=== Exercise ===
The answer should be each line from the entries below that has the word "moreover" in it.

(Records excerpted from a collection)
━━━━

text \<open>Gluing two couplings along their common marginal \<open>\<pi>\<^sup>k\<close>: the middle index is chosen
  with law \<open>\<pi>\<^sup>k\<close>, and the outer ones conditionally independently given it.\<close>

definition glue :: "nat \<Rightarrow> (nat \<Rightarrow> nat \<Rightarrow> real) \<Rightarrow> (nat \<Rightarrow> nat \<Rightarrow> real) \<Rightarrow> nat \<Rightarrow> nat \<Rightarrow> nat \<Rightarrow> real" where
  "glue k z1 z2 i j l = (if P k j = 0 then 0 else z1 i j * z2 j l / P k j)"

context
  fixes m k n :: nat and z1 z2 :: "nat \<Rightarrow> nat \<Rightarrow> real"
  assumes z1: "z1 \<in> plans P m k" and z2: "z2 \<in> plans P k n"
begin

lemma glue_nonneg: "i \<le> m \<Longrightarrow> j \<le> k \<Longrightarrow> l \<le> n \<Longrightarrow> 0 \<le> glue k z1 z2 i j l"
  using z1 z2 P_nonneg[of k j] by (simp add: glue_def plans_def)

lemma sum_glue_right:
  assumes "i \<le> m" "j \<le> k"
  shows "(\<Sum>l\<le>n. glue k z1 z2 i j l) = z1 i j"
proof (cases "P k j = 0")
  case True
  then show ?thesis using plan_eq_0[OF z1 assms] by (simp add: glue_def)
next
  case False
  moreover have "(\<Sum>l\<le>n. z2 j l) = P k j" using z2 assms(2) by (simp add: plans_def)
  ultimately show ?thesis by (simp add: glue_def flip: sum_divide_distrib sum_distrib_left)
qed

lemma sum_glue_left:
  assumes "j \<le> k" "l \<le> n"
  shows "(\<Sum>i\<le>m. glue k z1 z2 i j l) = z2 j l"
proof (cases "P k j = 0")
  case True
  then show ?thesis using plan_eq_0[OF z2 assms] by (simp add: glue_def)
next
  case False
  moreover have "(\<Sum>i\<le>m. z1 i j) = P k j" using z1 assms(1) by (simp add: plans_def)
  ultimately show ?thesis by (simp add: glue_def flip: sum_divide_distrib sum_distrib_right)
qed

lemma glued_plan: "(\<lambda>i l. \<Sum>j\<le>k. glue k z1 z2 i j l) \<in> plans P m n"
proof -
  have "(\<Sum>l\<le>n. \<Sum>j\<le>k. glue k z1 z2 i j l) = P m i" if "i \<le> m" for i
    using z1 that by (subst sum.swap) (simp add: sum_glue_right plans_def)
  moreover have "(\<Sum>i\<le>m. \<Sum>j\<le>k. glue k z1 z2 i j l) = P n l" if "l \<le> n" for l
    using z2 that by (subst sum.swap) (simp add: sum_glue_left plans_def)
  ultimately show ?thesis by (auto simp: plans_def glue_nonneg intro!: sum_nonneg)
qed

━━━━

=== Response for this exercise ===
  moreover have "(\<Sum>l\<le>n. z2 j l) = P k j" using z2 assms(2) by (simp add: plans_def)
  moreover have "(\<Sum>i\<le>m. z1 i j) = P k j" using z1 assms(1) by (simp add: plans_def)
  moreover have "(\<Sum>i\<le>m. \<Sum>j\<le>k. glue k z1 z2 i j l) = P n l" if "l \<le> n" for l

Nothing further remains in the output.